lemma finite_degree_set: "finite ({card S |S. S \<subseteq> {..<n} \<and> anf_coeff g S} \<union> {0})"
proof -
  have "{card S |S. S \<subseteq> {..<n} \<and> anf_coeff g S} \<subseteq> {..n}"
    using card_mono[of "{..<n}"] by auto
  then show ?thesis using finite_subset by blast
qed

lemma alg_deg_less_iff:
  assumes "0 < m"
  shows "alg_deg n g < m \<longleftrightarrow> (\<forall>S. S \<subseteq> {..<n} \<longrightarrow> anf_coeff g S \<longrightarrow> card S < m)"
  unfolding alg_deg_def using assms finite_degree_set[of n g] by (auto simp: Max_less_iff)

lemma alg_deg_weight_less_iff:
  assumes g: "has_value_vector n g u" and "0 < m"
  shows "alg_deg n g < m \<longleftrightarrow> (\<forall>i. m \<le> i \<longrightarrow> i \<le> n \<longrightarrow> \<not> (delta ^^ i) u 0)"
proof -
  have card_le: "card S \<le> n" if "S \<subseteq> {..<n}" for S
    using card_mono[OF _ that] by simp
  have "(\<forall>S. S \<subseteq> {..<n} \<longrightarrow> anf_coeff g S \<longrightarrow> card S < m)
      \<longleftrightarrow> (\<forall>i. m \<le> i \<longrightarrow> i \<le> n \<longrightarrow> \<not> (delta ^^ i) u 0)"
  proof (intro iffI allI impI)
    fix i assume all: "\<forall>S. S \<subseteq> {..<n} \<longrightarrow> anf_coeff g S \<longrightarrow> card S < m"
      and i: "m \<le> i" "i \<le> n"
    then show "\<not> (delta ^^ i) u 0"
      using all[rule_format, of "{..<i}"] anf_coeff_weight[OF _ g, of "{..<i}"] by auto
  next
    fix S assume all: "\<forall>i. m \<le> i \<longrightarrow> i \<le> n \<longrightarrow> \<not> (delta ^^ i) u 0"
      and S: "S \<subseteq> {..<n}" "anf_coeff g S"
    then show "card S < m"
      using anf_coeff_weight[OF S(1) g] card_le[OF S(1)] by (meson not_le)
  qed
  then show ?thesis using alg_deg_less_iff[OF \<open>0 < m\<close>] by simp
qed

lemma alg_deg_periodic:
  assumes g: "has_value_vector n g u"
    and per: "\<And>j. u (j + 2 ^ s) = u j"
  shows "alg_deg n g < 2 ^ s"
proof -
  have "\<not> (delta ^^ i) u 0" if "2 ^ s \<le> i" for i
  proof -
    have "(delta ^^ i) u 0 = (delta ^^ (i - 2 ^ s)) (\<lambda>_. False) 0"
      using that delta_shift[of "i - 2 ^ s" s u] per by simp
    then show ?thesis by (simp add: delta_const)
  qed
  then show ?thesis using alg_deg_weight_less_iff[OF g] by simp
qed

+++

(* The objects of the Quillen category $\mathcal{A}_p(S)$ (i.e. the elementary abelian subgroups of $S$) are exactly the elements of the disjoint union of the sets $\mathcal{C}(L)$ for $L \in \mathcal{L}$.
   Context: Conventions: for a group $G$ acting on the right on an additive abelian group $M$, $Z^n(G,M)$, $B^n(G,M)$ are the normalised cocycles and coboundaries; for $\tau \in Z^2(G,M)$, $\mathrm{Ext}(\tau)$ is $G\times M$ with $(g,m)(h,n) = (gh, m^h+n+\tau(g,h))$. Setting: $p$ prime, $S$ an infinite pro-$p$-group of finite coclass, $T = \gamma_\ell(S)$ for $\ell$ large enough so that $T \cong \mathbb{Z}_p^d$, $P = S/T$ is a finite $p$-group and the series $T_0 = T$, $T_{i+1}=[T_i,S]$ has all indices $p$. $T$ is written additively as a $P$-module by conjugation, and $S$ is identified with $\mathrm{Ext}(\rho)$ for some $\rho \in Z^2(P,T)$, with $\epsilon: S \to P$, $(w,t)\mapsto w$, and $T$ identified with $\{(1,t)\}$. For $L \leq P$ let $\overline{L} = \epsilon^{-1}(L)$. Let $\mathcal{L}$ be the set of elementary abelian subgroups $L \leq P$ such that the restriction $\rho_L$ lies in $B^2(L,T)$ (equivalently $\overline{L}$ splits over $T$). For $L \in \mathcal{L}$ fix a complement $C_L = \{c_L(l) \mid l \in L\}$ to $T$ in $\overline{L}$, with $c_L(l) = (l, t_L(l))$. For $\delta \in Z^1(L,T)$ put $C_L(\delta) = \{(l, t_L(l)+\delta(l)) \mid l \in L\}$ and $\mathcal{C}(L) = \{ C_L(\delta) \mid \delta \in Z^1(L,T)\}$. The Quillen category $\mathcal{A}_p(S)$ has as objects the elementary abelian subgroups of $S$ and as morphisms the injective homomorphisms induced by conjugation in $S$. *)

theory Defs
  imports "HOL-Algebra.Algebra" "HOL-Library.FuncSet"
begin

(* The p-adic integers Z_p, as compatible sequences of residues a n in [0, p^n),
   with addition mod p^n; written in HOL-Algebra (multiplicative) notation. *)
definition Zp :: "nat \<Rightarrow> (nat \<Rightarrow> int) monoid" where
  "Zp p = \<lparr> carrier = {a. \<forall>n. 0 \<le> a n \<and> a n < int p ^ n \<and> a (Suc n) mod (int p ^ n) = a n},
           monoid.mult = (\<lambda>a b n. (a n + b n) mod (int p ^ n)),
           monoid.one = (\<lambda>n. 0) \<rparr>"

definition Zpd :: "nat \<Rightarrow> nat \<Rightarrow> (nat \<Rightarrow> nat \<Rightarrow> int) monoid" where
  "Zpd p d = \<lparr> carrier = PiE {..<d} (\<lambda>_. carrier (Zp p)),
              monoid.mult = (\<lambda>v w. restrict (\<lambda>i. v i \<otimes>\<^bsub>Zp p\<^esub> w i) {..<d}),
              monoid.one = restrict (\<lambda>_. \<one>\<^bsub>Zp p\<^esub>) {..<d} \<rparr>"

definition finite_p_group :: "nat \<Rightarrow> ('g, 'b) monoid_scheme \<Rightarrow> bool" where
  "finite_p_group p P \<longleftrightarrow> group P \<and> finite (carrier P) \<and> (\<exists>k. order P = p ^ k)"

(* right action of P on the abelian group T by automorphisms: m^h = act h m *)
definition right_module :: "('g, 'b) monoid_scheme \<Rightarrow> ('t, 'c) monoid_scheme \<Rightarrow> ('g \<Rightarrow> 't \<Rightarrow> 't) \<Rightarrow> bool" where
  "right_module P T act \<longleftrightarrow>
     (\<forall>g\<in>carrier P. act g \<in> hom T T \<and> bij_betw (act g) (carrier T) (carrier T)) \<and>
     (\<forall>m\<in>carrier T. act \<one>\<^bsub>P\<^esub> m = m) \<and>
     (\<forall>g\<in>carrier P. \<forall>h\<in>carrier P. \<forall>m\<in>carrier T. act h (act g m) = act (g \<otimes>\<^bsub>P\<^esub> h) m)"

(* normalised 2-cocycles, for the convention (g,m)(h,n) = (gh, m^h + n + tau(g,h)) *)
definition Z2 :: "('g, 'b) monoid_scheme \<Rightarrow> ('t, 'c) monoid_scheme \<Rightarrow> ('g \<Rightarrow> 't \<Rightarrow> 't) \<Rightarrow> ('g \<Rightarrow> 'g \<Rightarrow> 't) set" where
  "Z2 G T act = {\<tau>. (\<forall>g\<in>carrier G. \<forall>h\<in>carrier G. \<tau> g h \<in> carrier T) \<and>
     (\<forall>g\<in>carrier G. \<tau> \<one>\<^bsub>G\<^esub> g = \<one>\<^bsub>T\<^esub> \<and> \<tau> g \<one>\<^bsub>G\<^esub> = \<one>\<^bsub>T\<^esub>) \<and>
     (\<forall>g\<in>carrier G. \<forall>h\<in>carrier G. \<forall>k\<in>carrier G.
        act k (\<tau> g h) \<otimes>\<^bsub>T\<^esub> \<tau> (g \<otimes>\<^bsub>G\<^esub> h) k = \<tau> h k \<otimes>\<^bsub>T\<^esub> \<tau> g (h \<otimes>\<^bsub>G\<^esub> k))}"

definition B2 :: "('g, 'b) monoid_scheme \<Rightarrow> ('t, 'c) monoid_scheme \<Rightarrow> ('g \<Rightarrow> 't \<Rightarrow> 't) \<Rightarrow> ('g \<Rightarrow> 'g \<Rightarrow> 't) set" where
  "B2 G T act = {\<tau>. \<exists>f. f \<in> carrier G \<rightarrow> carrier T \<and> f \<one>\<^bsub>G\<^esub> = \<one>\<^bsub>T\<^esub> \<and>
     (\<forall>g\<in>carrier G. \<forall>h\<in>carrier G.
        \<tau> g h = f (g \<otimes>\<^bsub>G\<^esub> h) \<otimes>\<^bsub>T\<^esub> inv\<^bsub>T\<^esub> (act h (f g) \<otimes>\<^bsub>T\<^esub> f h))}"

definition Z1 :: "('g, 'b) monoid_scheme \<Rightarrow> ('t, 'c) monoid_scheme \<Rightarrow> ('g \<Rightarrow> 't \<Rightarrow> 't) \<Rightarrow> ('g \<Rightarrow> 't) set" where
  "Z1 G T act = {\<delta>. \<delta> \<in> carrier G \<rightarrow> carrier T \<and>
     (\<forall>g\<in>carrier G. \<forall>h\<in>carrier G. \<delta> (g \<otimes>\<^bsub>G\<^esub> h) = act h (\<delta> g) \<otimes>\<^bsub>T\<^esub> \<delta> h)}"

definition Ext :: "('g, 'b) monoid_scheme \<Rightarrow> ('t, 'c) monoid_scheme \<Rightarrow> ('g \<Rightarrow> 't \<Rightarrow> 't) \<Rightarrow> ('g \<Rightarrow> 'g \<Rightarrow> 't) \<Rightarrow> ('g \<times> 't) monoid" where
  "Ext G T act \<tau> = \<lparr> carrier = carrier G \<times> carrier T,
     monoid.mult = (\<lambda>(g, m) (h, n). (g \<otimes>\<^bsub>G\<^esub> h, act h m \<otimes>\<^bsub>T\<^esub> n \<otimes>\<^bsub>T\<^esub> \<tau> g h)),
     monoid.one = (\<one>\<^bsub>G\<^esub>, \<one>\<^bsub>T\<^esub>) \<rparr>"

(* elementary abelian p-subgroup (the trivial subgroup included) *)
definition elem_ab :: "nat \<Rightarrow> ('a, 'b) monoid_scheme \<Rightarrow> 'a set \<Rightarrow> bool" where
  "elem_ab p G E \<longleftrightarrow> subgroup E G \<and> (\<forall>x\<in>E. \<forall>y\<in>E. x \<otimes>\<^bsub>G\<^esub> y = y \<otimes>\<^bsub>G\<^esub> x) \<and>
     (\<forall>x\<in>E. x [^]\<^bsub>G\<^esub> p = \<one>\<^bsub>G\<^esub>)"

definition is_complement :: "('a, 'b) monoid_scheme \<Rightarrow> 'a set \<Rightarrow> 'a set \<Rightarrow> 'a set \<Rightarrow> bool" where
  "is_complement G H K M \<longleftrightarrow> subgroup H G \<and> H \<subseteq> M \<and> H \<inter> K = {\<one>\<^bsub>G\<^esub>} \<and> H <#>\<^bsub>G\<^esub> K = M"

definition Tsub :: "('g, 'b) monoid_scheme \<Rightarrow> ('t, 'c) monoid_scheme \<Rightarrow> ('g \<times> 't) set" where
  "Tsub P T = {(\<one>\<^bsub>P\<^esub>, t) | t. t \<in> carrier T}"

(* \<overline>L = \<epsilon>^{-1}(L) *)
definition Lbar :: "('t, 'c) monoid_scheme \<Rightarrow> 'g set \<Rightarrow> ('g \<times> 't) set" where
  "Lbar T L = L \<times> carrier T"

+++

Starting with the line above that holds "y \<otimes>\<^bsub>G\<^esub> x) \<and>" and stopping with the line that holds "(\<forall>x\<in>E. x [^]\<^bsub>G\<^esub>", reproduce each line exactly, omitting all other lines.

  "elem_ab p G E \<longleftrightarrow> subgroup E G \<and> (\<forall>x\<in>E. \<forall>y\<in>E. x \<otimes>\<^bsub>G\<^esub> y = y \<otimes>\<^bsub>G\<^esub> x) \<and>
     (\<forall>x\<in>E. x [^]\<^bsub>G\<^esub> p = \<one>\<^bsub>G\<^esub>)"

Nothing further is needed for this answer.